Data for the task: Begin
(* Let $D\subset\mathbb{C}^k$ be open and let $\varphi,\psi$ be functions on $\mathbb{C}^k$ that are plurisubharmonic on $D$ with $\|\varphi\|_{L^\infty}\leq 1/2$ and $\|\psi\|_{L^\infty}\leq 1/2$. For $j=1,2$ set $\varphi_j^+:=\varphi^2+j\varphi+6$, $\varphi_j^-:=\varphi^2+j\varphi-6$, $\psi_j^+:=\psi^2+j\psi+6$, $\psi_j^-:=-\psi^2-j\psi+6$, and for $j,l\in\{1,2\}$ define on $\mathbb{C}^k\times\mathbb{C}^k$ \[\Phi_{jl}^+(z,w):=\varphi_j^+(z)\psi_l^+(w),\qquad \Phi_{jl}^-(z,w):=\varphi_j^-(z)\psi_l^-(w).\] Then the functions $\Phi_{jl}^\pm$ are all plurisubharmonic on $D\times D$. *)

theory Defs
  imports "HOL-Analysis.Analysis"
begin

text \<open>C^k is modelled as the type complex^'n (k = CARD('n)); the product C^k x C^k,
  i.e. C^(2k), is modelled as complex^('n + 'n).\<close>

definition usc_on :: "(complex^'m) set \<Rightarrow> (complex^'m \<Rightarrow> real) \<Rightarrow> bool" where
  "usc_on D u \<longleftrightarrow>
     (\<forall>a\<in>D. \<forall>e>0. \<exists>d>0. \<forall>x\<in>D. dist x a < d \<longrightarrow> u x < u a + e)"

text \<open>For a finite-valued usc function the
  circle integral lies in [-\<infinity>,\<infinity>) and the inequality forces it to be finite, hence
  integrability is part of the condition.\<close>
definition psh_on :: "(complex^'m) set \<Rightarrow> (complex^'m \<Rightarrow> real) \<Rightarrow> bool" where
  "psh_on D u \<longleftrightarrow> usc_on D u \<and>
     (\<forall>a b. (\<forall>\<zeta>. cmod \<zeta> \<le> 1 \<longrightarrow> a + \<zeta> *s b \<in> D) \<longrightarrow>
        set_integrable lborel {0..2*pi} (\<lambda>t. u (a + exp (\<i> * complex_of_real t) *s b)) \<and>
        u a \<le> (1 / (2*pi)) * (LINT t:{0..2*pi}|lborel. u (a + exp (\<i> * complex_of_real t) *s b)))"

definition vfst :: "complex^('n + 'n) \<Rightarrow> complex^'n" where
  "vfst v = (\<chi> i. v $ Inl i)"
definition vsnd :: "complex^('n + 'n) \<Rightarrow> complex^'n" where
  "vsnd v = (\<chi> i. v $ Inr i)"

end

theory Submission
  imports Defs
begin

text \<open>Each of the four functions has the form \<open>F (\<phi> z) (\<psi> w)\<close>, where the polynomial \<open>F\<close> is
  continuous and, on the square \<open>[-1/2, 1/2]\<^sup>2\<close> containing the values of \<open>\<phi>\<close> and \<open>\<psi>\<close>, nondecreasing
  in both variables and above each of its tangent planes. Composed with the projections,
  \<open>\<phi>\<close> and \<open>\<psi>\<close> remain plurisubharmonic on \<open>D \<times> D\<close>. Upper semicontinuity of the composite
  follows from monotonicity and continuity of \<open>F\<close>. On a disc, with \<open>m\<close> denoting circle means,
  \<open>F (\<phi> a) (\<psi> a) \<le> F (m \<phi>) (m \<psi>) \<le> m (F \<phi> \<psi>)\<close>: the first step by monotonicity, the second
  by integrating the supporting plane at \<open>(m \<phi>, m \<psi>)\<close> (Jensen's inequality).\<close>

lemma set_integrable_Icc_const: "set_integrable lborel {a..b::real} (\<lambda>_. c::real)"
  by (simp add: set_integrable_def emeasure_lborel_Icc_eq)

lemma set_integrable_Icc_continuous_comp:
  fixes f g :: "real \<Rightarrow> real" and F :: "real \<Rightarrow> real \<Rightarrow> real"
  assumes f: "set_integrable lborel {a..b} f" and g: "set_integrable lborel {a..b} g"
    and F: "continuous_on UNIV (\<lambda>p. F (fst p) (snd p))"
    and bound: "\<And>t. t \<in> {a..b} \<Longrightarrow> \<bar>F (f t) (g t)\<bar> \<le> B"
  shows "set_integrable lborel {a..b} (\<lambda>t. F (f t) (g t))"
proof -
  let ?M = "restrict_space lborel {a..b}"
  have "f \<in> borel_measurable ?M" "g \<in> borel_measurable ?M"
    using f g by (auto simp: set_integrable_eq dest: borel_measurable_integrable)
  then have "(\<lambda>t. (f t, g t)) \<in> borel_measurable ?M"
    by (rule borel_measurable_Pair)
  from measurable_compose[OF this borel_measurable_continuous_onI[OF F]]
  have "(\<lambda>t. F (f t) (g t)) \<in> borel_measurable ?M"
    by simp
  then have meas: "set_borel_measurable lborel {a..b} (\<lambda>t. F (f t) (g t))"
    unfolding set_borel_measurable_def by (subst borel_measurable_restrict_space_iff[symmetric]) auto
  show ?thesis
  proof (rule set_integrable_bound[OF set_integrable_Icc_const meas])
    show "AE t in lborel. t \<in> {a..b} \<longrightarrow> norm (F (f t) (g t)) \<le> norm B"
      using bound by (intro AE_I2) force
  qed
qed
Data for the task: End
Each entry must appear again in the answer exactly as written.

:: Task output ::
(* Let $D\subset\mathbb{C}^k$ be open and let $\varphi,\psi$ be functions on $\mathbb{C}^k$ that are plurisubharmonic on $D$ with $\|\varphi\|_{L^\infty}\leq 1/2$ and $\|\psi\|_{L^\infty}\leq 1/2$. For $j=1,2$ set $\varphi_j^+:=\varphi^2+j\varphi+6$, $\varphi_j^-:=\varphi^2+j\varphi-6$, $\psi_j^+:=\psi^2+j\psi+6$, $\psi_j^-:=-\psi^2-j\psi+6$, and for $j,l\in\{1,2\}$ define on $\mathbb{C}^k\times\mathbb{C}^k$ \[\Phi_{jl}^+(z,w):=\varphi_j^+(z)\psi_l^+(w),\qquad \Phi_{jl}^-(z,w):=\varphi_j^-(z)\psi_l^-(w).\] Then the functions $\Phi_{jl}^\pm$ are all plurisubharmonic on $D\times D$. *)

theory Defs
  imports "HOL-Analysis.Analysis"
begin

text \<open>C^k is modelled as the type complex^'n (k = CARD('n)); the product C^k x C^k,
  i.e. C^(2k), is modelled as complex^('n + 'n).\<close>

definition usc_on :: "(complex^'m) set \<Rightarrow> (complex^'m \<Rightarrow> real) \<Rightarrow> bool" where
  "usc_on D u \<longleftrightarrow>
     (\<forall>a\<in>D. \<forall>e>0. \<exists>d>0. \<forall>x\<in>D. dist x a < d \<longrightarrow> u x < u a + e)"

text \<open>For a finite-valued usc function the
  circle integral lies in [-\<infinity>,\<infinity>) and the inequality forces it to be finite, hence
  integrability is part of the condition.\<close>
definition psh_on :: "(complex^'m) set \<Rightarrow> (complex^'m \<Rightarrow> real) \<Rightarrow> bool" where
  "psh_on D u \<longleftrightarrow> usc_on D u \<and>
     (\<forall>a b. (\<forall>\<zeta>. cmod \<zeta> \<le> 1 \<longrightarrow> a + \<zeta> *s b \<in> D) \<longrightarrow>
        set_integrable lborel {0..2*pi} (\<lambda>t. u (a + exp (\<i> * complex_of_real t) *s b)) \<and>
        u a \<le> (1 / (2*pi)) * (LINT t:{0..2*pi}|lborel. u (a + exp (\<i> * complex_of_real t) *s b)))"

definition vfst :: "complex^('n + 'n) \<Rightarrow> complex^'n" where
  "vfst v = (\<chi> i. v $ Inl i)"
definition vsnd :: "complex^('n + 'n) \<Rightarrow> complex^'n" where
  "vsnd v = (\<chi> i. v $ Inr i)"

end

theory Submission
  imports Defs
begin

text \<open>Each of the four functions has the form \<open>F (\<phi> z) (\<psi> w)\<close>, where the polynomial \<open>F\<close> is
  continuous and, on the square \<open>[-1/2, 1/2]\<^sup>2\<close> containing the values of \<open>\<phi>\<close> and \<open>\<psi>\<close>, nondecreasing
  in both variables and above each of its tangent planes. Composed with the projections,
  \<open>\<phi>\<close> and \<open>\<psi>\<close> remain plurisubharmonic on \<open>D \<times> D\<close>. Upper semicontinuity of the composite
  follows from monotonicity and continuity of \<open>F\<close>. On a disc, with \<open>m\<close> denoting circle means,
  \<open>F (\<phi> a) (\<psi> a) \<le> F (m \<phi>) (m \<psi>) \<le> m (F \<phi> \<psi>)\<close>: the first step by monotonicity, the second
  by integrating the supporting plane at \<open>(m \<phi>, m \<psi>)\<close> (Jensen's inequality).\<close>

lemma set_integrable_Icc_const: "set_integrable lborel {a..b::real} (\<lambda>_. c::real)"
  by (simp add: set_integrable_def emeasure_lborel_Icc_eq)

lemma set_integrable_Icc_continuous_comp:
  fixes f g :: "real \<Rightarrow> real" and F :: "real \<Rightarrow> real \<Rightarrow> real"
  assumes f: "set_integrable lborel {a..b} f" and g: "set_integrable lborel {a..b} g"
    and F: "continuous_on UNIV (\<lambda>p. F (fst p) (snd p))"
    and bound: "\<And>t. t \<in> {a..b} \<Longrightarrow> \<bar>F (f t) (g t)\<bar> \<le> B"
  shows "set_integrable lborel {a..b} (\<lambda>t. F (f t) (g t))"
proof -
  let ?M = "restrict_space lborel {a..b}"
  have "f \<in> borel_measurable ?M" "g \<in> borel_measurable ?M"
    using f g by (auto simp: set_integrable_eq dest: borel_measurable_integrable)
  then have "(\<lambda>t. (f t, g t)) \<in> borel_measurable ?M"
    by (rule borel_measurable_Pair)
  from measurable_compose[OF this borel_measurable_continuous_onI[OF F]]
  have "(\<lambda>t. F (f t) (g t)) \<in> borel_measurable ?M"
    by simp
  then have meas: "set_borel_measurable lborel {a..b} (\<lambda>t. F (f t) (g t))"
    unfolding set_borel_measurable_def by (subst borel_measurable_restrict_space_iff[symmetric]) auto
  show ?thesis
  proof (rule set_integrable_bound[OF set_integrable_Icc_const meas])
    show "AE t in lborel. t \<in> {a..b} \<longrightarrow> norm (F (f t) (g t)) \<le> norm B"
      using bound by (intro AE_I2) force
  qed
qed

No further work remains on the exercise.